Is garbage collection a failed concept?

In this article, I'll discuss garbage collection and the value it brings to large-scale application development.

Quick - call my stockbroker!
There's been a lot of noise about the next version of standard C++. It's due in 2009 and has been named C++0x. (Where's a brand-name expert when you need one.) C++ thought leaders have been let loose and are in full force discussing its merits. Caught in the crossfire of this marketing blitz is a renewed criticism of Java, its performance and its garbage collection. Comparing Java to C++ feels so late 1990's that I suddenly feel the urge to lose money on shares of an Internet start-up. (Pet food? 87 times P/E ratio? This start-up can't miss!)

Garbage collection bad, RAII good
One such example is an interview in which an internationally-recognized C++ expert was asked whether garbage collection should be added to C++0x. His stunning reply was that garbage collection was a "failed and improperly implemented concept". The paraphrased version of his argument is that garbage collection is bad because it is non-deterministic and may not actually succeed. It only deals with one kind of resource - the memory resource. All other resources, such as file handles and database connections for example, remain undressed. Garbage collection robs developers of destructors to manage resources. In summary, garbage collection is a crutch for developers and if we all just follow the resource acquisition is initialization idiom (RAII), we'll do just fine.

The point of my article is not to dissect nor critique the opinion expressed above but rather to focus on general misconceptions about garbage collection.

How real should real-time be?
Garbage collection critics love to point out that GC is bad because it is non-deterministic. It is true that garbage collection removes some degree of application determinism. Since it is automated, collection can occur at any time, run for varying lengths of time and impede on the overlaying application's responsiveness. This can lead to broken functionality within an application if it is required to respond in real-time. Garbage collection also circumvents the need for destructors. Consequently, without destructors, programmers cannot hook resource deallocation and thus cannot precisely predict when a resource is released. Thus garbage collection affects application determinism in two ways: responsiveness and resource management.

I have two points of contention with this. First, let's be honest; how many applications have hard real-time requirements for responsiveness? The majority of applications either have no real-time requirements or have soft ones. The latter is exemplified by online stores, stock trading applications, and GUI-centric apps where fast response times are necessary but the occasional processing delay is tolerated. Second, even with C++, application determinism can only be guaranteed in systems with no shared resources (such as in embedded systems). Most applications run atop a multi-process operating systems where the CPU and I/O resources are shared. The illusion of application determinism quickly evaporates in these types of systems where the application has no control over the sharing of resources.
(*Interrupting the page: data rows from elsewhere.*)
(* For any $\lambda\in[0,1]$, $\alpha>0$, $\beta\ge0$, one has $\tau_1>\tau_2>\tau_3>0$ and $\tau_3\le\boldsymbol{T}_*$, where $\boldsymbol{T}_*=\inf\{T^\lambda(z):z\notin\operatorname{argmin}\phi\}$.
   Context: Let $\phi:\mathbb{R}^n\to\mathbb{R}$ be twice continuously differentiable and convex with $L$-Lipschitz gradient, attaining its minimum. For $z\in\mathbb{R}^n$, $x_z$ is the unique $C^1([0,\infty))\cap C^2((0,\infty))$ solution of $\ddot x(t)+\frac{\alpha}{t}\dot x(t)+\beta\nabla^2\phi(x(t))\dot x(t)+\nabla\phi(x(t))=0$ ($t>0$), $x(0)=z$, $\dot x(0)=0$. For $\lambda\in[0,1]$: $\varphi_{z,\lambda}(t)=\frac12\frac{d}{dt}\|\dot x_z(t)\|^2+\lambda\frac{\alpha}{t}\|\dot x_z(t)\|^2$ and $T^\lambda(z)=\inf\{t>0:\varphi_{z,\lambda}(t)\le0\}$. Let $H(t)=1-\frac{\beta Lt}{\alpha+2}-\frac{Lt^2}{2(\alpha+3)}$; $\tau_1=-\frac{\alpha+3}{\alpha+2}\beta+\sqrt{\left(\frac{\alpha+3}{\alpha+2}\right)^2\beta^2+\frac{2(\alpha+3)}{L}}$ (positive zero of $H$); $\tau_2=-\frac{\alpha+3}{\alpha+2}\beta+\sqrt{\left(\frac{\alpha+3}{\alpha+2}\right)^2\beta^2+\frac{\alpha+3}{L}}$ (where $H=\frac12$); $G(t)=(1+\alpha\lambda)H(t)^2-\alpha(1-\lambda)(1-H(t))^2-\beta Lt-\frac{Lt^2}{2}-|1+\alpha(2\lambda-1)|\,H(t)(1-H(t))$; and $\tau_3$ is the unique zero of $G$ in $(0,\tau_2)$. *)

theory Defs
  imports "HOL-Analysis.Analysis"
begin

definition Hfun :: "real \<Rightarrow> real \<Rightarrow> real \<Rightarrow> real \<Rightarrow> real" where
  "Hfun \<alpha> \<beta> L t = 1 - \<beta> * L * t / (\<alpha> + 2) - L * t\<^sup>2 / (2 * (\<alpha> + 3))"

definition tau1 :: "real \<Rightarrow> real \<Rightarrow> real \<Rightarrow> real" where
  "tau1 \<alpha> \<beta> L = - ((\<alpha> + 3) / (\<alpha> + 2)) * \<beta>
     + sqrt (((\<alpha> + 3) / (\<alpha> + 2))\<^sup>2 * \<beta>\<^sup>2 + 2 * (\<alpha> + 3) / L)"

definition tau2 :: "real \<Rightarrow> real \<Rightarrow> real \<Rightarrow> real" where
  "tau2 \<alpha> \<beta> L = - ((\<alpha> + 3) / (\<alpha> + 2)) * \<beta>
     + sqrt (((\<alpha> + 3) / (\<alpha> + 2))\<^sup>2 * \<beta>\<^sup>2 + (\<alpha> + 3) / L)"

definition Gfun :: "real \<Rightarrow> real \<Rightarrow> real \<Rightarrow> real \<Rightarrow> real \<Rightarrow> real" where
  "Gfun \<alpha> \<beta> L lam t =
     (1 + \<alpha> * lam) * (Hfun \<alpha> \<beta> L t)\<^sup>2
     - \<alpha> * (1 - lam) * (1 - Hfun \<alpha> \<beta> L t)\<^sup>2
     - \<beta> * L * t - L * t\<^sup>2 / 2
     - \<bar>1 + \<alpha> * (2 * lam - 1)\<bar> * Hfun \<alpha> \<beta> L t * (1 - Hfun \<alpha> \<beta> L t)"

definition tau3 :: "real \<Rightarrow> real \<Rightarrow> real \<Rightarrow> real \<Rightarrow> real" where
  "tau3 \<alpha> \<beta> L lam = (THE t. 0 < t \<and> t < tau2 \<alpha> \<beta> L \<and> Gfun \<alpha> \<beta> L lam t = 0)"

definition argmin_set :: "('a \<Rightarrow> real) \<Rightarrow> 'a set" where
  "argmin_set \<phi> = {x. \<forall>y. \<phi> x \<le> \<phi> y}"

text \<open>varphi_{z,lam}(t) = 1/2 d/dt |xdot_z(t)|^2 + lam * alpha / t * |xdot_z(t)|^2,
  where xd z is the velocity of the trajectory x_z.\<close>
definition varphi :: "('z \<Rightarrow> real \<Rightarrow> 'a::real_normed_vector) \<Rightarrow> real \<Rightarrow> real \<Rightarrow> 'z \<Rightarrow> real \<Rightarrow> real" where
  "varphi xd \<alpha> lam z t =
     (1/2) * deriv (\<lambda>s. (norm (xd z s))\<^sup>2) t + lam * \<alpha> / t * (norm (xd z t))\<^sup>2"

text \<open>T^lam(z) = inf {t > 0. varphi_{z,lam}(t) \<le> 0}, in the extended reals
  (infimum of the empty set is +infinity).\<close>
definition Tlam :: "('z \<Rightarrow> real \<Rightarrow> 'a::real_normed_vector) \<Rightarrow> real \<Rightarrow> real \<Rightarrow> 'z \<Rightarrow> ereal" where
  "Tlam xd \<alpha> lam z = Inf (ereal ` {t. 0 < t \<and> varphi xd \<alpha> lam z t \<le> 0})"

end

theory Submission
  imports Defs
begin

(*
  Fix z outside argmin phi, write g = grad phi z and d = alpha + 1.  The ODE says precisely that
  W(r) = r^alpha xd(r) + r^(alpha+1)/d g has derivative r^alpha (g - beta hess(x) xd - grad(x)),
  which the Lipschitz bound on grad phi controls by the velocity alone.  Hence a bound
  |xd(r)| <= K r on (0, s] improves to |xd(s) + s/d g| <= K s (1 - H(s)), and feeding the optimal
  K back into this gives K <= |g| / (d H(t)) as long as H(t) > 1/2, i.e. t < tau2.  Inserted into
  varphi(t) = <xd, xdd> + lambda alpha/t |xd|^2 these bounds give varphi(t) >= K^2 t G(t).
  Finally G is decreasing on [0, tau2] with G(0) > 0 > G(tau2), so it is positive before tau3.
*)

lemma has_derivative_norm_le_lipschitz:
  fixes g :: "'a::real_normed_vector \<Rightarrow> 'b::real_normed_vector"
  assumes deriv: "(g has_derivative D) (at y)"
    and lipschitz: "\<And>u v. norm (g u - g v) \<le> L * norm (u - v)"
  shows "norm (D h) \<le> L * norm h"
proof -
  interpret D: bounded_linear D
    using deriv by (rule has_derivative_bounded_linear)
  define G where "G d = g (y + d *\<^sub>R h)" for d :: real
  have "((\<lambda>d. y + d *\<^sub>R h) has_derivative (\<lambda>d. d *\<^sub>R h)) (at 0)"
    by (auto intro!: derivative_eq_intros)
  moreover have "(g has_derivative D) (at (y + 0 *\<^sub>R h))"
    using deriv by simp
  ultimately have "(G has_derivative (\<lambda>d. D (d *\<^sub>R h))) (at 0)"
    unfolding G_def by (rule has_derivative_compose)
  then have "(G has_derivative (\<lambda>d. d *\<^sub>R D h)) (at 0)"
    by (simp add: D.scaleR)
  then have "((\<lambda>d. norm (G (0 + d) - G 0 - d *\<^sub>R D h) / norm d) \<longlongrightarrow> 0) (at 0)"
    by (simp add: has_derivative_at)
  moreover have "norm (G d - G 0 - d *\<^sub>R D h) / norm d = norm ((G d - G 0) /\<^sub>R d - D h)"
    if "d \<noteq> 0" for d
  proof -
    have "G d - G 0 - d *\<^sub>R D h = d *\<^sub>R ((G d - G 0) /\<^sub>R d - D h)"
      using that by (simp add: scaleR_diff_right)
    then show ?thesis using that by simp
  qed
  ultimately have "((\<lambda>d. norm ((G d - G 0) /\<^sub>R d - D h)) \<longlongrightarrow> 0) (at 0)"
    by (elim Lim_transform_eventually) (auto simp: eventually_at_filter)
  then have "((\<lambda>d. (G d - G 0) /\<^sub>R d) \<longlongrightarrow> D h) (at 0)"
    by (simp add: tendsto_norm_zero_iff LIM_zero_iff)
  moreover have "norm ((G d - G 0) /\<^sub>R d) \<le> L * norm h" if "d \<noteq> 0" for d
  proof -
    have "norm ((G d - G 0) /\<^sub>R d) = norm (G d - G 0) / \<bar>d\<bar>"
      by (simp add: divide_inverse_commute)
    also have "\<dots> \<le> L * norm h"
      using lipschitz[of "y + d *\<^sub>R h" y] that by (simp add: G_def pos_divide_le_eq mult_ac)
    finally show ?thesis .
  qed
  ultimately show ?thesis
    by (intro tendsto_upperbound[OF tendsto_norm]) (auto simp: eventually_at_filter)
qed

lemma convex_on_stationary_point_minimum:
  fixes f :: "'a::real_normed_vector \<Rightarrow> real"
  assumes convex: "convex_on UNIV f" and stationary: "(f has_derivative (\<lambda>h. 0)) (at z)"
  shows "f z \<le> f y"
proof -
  define F where "F s = f (z + s *\<^sub>R (y - z))" for s :: real
  have "convex_on UNIV F"
    unfolding convex_on_def F_def
  proof (intro conjI ballI allI impI)
    fix a b u v :: real assume uv: "u \<ge> 0" "v \<ge> 0" "u + v = 1"
    have "z + (u * a + v * b) *\<^sub>R (y - z) = u *\<^sub>R (z + a *\<^sub>R (y - z)) + v *\<^sub>R (z + b *\<^sub>R (y - z))"
      using uv by (simp add: algebra_simps flip: scaleR_add_left)
    then show "f (z + (u *\<^sub>R a + v *\<^sub>R b) *\<^sub>R (y - z))
        \<le> u * f (z + a *\<^sub>R (y - z)) + v * f (z + b *\<^sub>R (y - z))"
      using convex uv unfolding convex_on_def by simp
  qed simp
  moreover have "(F has_real_derivative 0) (at 0)"
  proof -
    have "((\<lambda>s. z + s *\<^sub>R (y - z)) has_derivative (\<lambda>s. s *\<^sub>R (y - z))) (at 0)"
      by (auto intro!: derivative_eq_intros)
    moreover have "(f has_derivative (\<lambda>h. 0)) (at (z + 0 *\<^sub>R (y - z)))"
      using stationary by simp
    ultimately have "(F has_derivative (\<lambda>s. 0)) (at 0)"
      unfolding F_def by (rule has_derivative_compose)
    then show ?thesis by (simp add: has_field_derivative_def mult_zero_left[abs_def])
  qed
  ultimately have "F 1 - F 0 \<ge> 0 * (1 - 0)"
    by (intro convex_on_imp_above_tangent[where A = UNIV]) auto
  then show ?thesis by (simp add: F_def)
qed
In the end, giving up some degree of determinism in return for automated garbage collection is a trade I'd make any day. There is a big price to be paid in complexity in order to obtain that extra level of determinism promised by C++. More on this point later.

Give RAII a chance
Some believe that RAII is a better way to manage memory. This idiom, perhaps the most important in C++, is a technique of acquiring a resource in the object constructor and releasing it in its destructor. Provided all classes are designed to conform to this pattern, life will be good.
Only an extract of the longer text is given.